[Exercise materials]
[Start of Attachment]

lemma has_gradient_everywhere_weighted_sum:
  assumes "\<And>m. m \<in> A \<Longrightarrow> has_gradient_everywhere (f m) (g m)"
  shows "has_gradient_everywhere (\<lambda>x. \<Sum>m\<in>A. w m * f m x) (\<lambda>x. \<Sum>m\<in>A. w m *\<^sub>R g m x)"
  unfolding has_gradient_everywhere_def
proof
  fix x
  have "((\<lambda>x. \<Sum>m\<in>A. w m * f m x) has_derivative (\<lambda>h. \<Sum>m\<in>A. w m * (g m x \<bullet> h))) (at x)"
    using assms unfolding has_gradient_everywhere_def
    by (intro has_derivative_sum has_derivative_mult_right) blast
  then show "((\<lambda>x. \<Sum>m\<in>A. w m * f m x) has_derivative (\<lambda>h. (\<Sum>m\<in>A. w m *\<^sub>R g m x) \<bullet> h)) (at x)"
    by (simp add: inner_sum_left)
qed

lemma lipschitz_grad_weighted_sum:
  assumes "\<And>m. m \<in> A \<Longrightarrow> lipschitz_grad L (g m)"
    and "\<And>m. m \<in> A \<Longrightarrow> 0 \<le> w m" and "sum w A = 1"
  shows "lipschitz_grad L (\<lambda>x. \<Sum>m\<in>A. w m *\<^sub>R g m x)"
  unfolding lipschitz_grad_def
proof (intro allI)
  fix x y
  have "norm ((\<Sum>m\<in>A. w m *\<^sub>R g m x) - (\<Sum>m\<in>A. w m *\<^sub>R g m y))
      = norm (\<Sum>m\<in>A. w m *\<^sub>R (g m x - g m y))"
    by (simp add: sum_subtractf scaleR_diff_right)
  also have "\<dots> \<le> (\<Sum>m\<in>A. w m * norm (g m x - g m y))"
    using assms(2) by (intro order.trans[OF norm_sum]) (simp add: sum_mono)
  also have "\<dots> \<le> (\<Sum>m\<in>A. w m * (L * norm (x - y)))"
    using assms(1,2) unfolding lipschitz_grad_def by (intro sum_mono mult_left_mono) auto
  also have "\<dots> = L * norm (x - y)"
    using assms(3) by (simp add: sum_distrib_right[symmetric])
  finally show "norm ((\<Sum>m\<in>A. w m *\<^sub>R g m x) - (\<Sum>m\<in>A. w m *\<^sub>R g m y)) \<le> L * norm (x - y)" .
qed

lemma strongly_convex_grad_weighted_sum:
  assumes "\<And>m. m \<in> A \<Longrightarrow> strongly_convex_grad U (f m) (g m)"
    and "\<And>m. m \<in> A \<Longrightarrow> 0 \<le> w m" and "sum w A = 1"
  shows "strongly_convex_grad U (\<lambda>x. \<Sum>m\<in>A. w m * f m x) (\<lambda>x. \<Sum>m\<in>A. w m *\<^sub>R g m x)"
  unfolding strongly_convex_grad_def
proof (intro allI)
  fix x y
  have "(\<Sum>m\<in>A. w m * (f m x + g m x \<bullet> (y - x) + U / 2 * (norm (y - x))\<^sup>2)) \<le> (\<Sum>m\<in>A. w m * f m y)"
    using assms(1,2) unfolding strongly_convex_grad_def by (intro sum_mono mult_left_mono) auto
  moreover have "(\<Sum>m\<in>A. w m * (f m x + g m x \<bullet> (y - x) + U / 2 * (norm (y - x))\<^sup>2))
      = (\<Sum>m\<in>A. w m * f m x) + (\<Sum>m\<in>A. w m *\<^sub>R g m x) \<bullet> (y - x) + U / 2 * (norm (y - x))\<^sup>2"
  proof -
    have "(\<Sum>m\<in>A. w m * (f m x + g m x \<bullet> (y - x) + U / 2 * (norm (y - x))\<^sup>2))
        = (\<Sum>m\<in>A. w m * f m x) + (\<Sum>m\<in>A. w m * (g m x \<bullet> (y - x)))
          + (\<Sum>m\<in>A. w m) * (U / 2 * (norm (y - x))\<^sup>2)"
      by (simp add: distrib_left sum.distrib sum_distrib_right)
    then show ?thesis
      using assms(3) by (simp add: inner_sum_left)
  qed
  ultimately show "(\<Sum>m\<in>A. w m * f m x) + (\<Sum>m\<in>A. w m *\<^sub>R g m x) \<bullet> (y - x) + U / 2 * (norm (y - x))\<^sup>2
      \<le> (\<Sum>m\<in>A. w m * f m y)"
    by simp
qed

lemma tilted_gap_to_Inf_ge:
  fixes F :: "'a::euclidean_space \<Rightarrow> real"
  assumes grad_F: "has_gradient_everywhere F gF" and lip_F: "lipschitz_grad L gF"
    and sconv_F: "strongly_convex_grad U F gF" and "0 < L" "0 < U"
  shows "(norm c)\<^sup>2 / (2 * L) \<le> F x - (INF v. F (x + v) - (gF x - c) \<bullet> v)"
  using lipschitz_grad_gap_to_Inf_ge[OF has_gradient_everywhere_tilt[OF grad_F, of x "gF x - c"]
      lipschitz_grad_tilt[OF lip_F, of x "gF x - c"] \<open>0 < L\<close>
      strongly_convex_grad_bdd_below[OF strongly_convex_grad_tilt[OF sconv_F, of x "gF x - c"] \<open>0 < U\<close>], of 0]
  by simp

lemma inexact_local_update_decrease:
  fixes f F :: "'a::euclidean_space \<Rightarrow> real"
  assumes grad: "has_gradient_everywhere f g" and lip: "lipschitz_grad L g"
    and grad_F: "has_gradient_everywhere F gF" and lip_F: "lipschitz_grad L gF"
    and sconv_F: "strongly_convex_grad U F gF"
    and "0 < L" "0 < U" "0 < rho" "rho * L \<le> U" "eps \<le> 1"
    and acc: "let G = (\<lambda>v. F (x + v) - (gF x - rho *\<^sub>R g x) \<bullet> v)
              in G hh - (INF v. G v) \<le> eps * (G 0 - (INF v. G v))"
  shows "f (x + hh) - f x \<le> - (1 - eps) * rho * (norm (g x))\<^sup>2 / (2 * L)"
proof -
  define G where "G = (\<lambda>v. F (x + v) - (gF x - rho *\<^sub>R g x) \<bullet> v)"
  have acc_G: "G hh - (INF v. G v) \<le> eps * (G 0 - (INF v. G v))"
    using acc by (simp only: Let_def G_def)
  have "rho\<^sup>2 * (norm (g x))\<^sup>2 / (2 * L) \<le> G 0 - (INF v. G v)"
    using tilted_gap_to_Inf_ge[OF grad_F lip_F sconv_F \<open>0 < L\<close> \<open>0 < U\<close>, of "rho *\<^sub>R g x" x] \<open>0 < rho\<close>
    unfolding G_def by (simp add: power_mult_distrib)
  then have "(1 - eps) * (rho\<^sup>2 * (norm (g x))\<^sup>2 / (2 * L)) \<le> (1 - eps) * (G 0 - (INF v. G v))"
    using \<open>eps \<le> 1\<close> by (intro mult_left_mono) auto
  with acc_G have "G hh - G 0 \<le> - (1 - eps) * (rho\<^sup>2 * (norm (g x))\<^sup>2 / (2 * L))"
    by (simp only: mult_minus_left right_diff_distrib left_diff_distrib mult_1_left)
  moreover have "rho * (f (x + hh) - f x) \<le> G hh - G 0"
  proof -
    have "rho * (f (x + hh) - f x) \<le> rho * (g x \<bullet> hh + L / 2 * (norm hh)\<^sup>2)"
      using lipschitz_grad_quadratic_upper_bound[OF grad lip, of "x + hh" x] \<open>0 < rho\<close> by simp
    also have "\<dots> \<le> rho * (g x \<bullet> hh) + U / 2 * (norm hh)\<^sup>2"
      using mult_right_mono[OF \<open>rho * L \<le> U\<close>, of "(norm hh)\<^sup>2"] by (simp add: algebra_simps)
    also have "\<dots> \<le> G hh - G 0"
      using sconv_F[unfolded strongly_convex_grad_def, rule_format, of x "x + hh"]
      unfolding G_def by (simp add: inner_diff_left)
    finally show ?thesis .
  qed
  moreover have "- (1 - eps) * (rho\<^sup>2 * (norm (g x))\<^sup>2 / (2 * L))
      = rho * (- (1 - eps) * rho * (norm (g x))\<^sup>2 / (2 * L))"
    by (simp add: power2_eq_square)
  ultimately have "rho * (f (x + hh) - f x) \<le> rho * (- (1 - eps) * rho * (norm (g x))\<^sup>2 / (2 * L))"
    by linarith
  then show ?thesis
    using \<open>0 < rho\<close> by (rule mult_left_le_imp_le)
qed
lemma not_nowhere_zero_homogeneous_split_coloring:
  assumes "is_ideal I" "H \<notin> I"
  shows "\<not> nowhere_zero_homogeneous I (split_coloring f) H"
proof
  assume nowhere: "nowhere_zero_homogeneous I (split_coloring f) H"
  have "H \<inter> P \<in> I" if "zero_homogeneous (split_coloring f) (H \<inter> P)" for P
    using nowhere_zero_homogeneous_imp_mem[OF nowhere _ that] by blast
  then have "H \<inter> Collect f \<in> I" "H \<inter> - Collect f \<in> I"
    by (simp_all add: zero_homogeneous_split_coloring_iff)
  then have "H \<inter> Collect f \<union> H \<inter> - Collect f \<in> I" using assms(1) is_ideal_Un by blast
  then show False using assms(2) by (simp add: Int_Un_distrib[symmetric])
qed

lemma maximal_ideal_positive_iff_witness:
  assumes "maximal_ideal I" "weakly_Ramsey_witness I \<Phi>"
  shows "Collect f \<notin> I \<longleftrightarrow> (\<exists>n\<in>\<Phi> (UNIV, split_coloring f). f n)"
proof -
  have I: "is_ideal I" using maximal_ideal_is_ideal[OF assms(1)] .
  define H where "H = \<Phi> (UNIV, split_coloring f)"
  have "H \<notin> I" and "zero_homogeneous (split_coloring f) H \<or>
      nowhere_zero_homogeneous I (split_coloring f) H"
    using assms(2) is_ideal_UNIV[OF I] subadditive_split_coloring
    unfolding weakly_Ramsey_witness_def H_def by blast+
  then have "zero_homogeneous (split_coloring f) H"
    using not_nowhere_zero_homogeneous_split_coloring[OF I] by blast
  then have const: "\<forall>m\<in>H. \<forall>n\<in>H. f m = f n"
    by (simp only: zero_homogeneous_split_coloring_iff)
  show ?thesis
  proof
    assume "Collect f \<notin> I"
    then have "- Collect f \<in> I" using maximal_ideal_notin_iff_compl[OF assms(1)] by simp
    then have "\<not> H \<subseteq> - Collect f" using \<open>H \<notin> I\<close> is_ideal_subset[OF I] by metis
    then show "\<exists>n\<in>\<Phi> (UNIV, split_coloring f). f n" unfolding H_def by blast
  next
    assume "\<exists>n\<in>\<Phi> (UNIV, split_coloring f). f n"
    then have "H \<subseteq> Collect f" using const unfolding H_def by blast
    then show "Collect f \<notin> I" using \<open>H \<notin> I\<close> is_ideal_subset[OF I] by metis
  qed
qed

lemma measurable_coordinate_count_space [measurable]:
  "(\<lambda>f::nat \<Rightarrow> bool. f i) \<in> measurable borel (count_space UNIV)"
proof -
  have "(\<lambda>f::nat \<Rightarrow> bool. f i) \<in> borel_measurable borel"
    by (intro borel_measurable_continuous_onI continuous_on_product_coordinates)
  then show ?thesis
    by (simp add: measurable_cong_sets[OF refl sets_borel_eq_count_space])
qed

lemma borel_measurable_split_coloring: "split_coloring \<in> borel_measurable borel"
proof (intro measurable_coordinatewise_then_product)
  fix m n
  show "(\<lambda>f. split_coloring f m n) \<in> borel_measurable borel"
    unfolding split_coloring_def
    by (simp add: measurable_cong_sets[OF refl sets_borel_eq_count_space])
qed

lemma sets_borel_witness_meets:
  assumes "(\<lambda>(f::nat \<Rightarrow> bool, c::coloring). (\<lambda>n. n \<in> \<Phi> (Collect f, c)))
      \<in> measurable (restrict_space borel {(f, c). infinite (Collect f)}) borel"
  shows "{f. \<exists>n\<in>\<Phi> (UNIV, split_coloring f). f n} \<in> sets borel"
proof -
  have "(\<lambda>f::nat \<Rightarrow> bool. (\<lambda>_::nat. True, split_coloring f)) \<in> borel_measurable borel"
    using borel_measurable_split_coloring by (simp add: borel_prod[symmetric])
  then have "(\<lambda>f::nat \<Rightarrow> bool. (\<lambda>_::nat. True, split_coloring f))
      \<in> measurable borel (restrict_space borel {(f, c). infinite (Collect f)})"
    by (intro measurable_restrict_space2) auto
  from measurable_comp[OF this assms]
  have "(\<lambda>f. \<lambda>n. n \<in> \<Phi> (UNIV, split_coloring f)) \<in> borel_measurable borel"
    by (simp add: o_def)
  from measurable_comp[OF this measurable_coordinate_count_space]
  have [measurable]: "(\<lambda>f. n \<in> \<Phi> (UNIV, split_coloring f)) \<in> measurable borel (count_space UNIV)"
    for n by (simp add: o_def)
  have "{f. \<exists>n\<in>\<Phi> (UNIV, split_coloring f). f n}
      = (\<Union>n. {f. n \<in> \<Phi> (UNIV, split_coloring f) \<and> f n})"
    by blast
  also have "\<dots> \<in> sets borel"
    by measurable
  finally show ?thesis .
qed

[End of Attachment]

[Problem to work on]
Across the whole listing above, report each line that includes "from".

[Response]
  from measurable_comp[OF this assms]
  from measurable_comp[OF this measurable_coordinate_count_space]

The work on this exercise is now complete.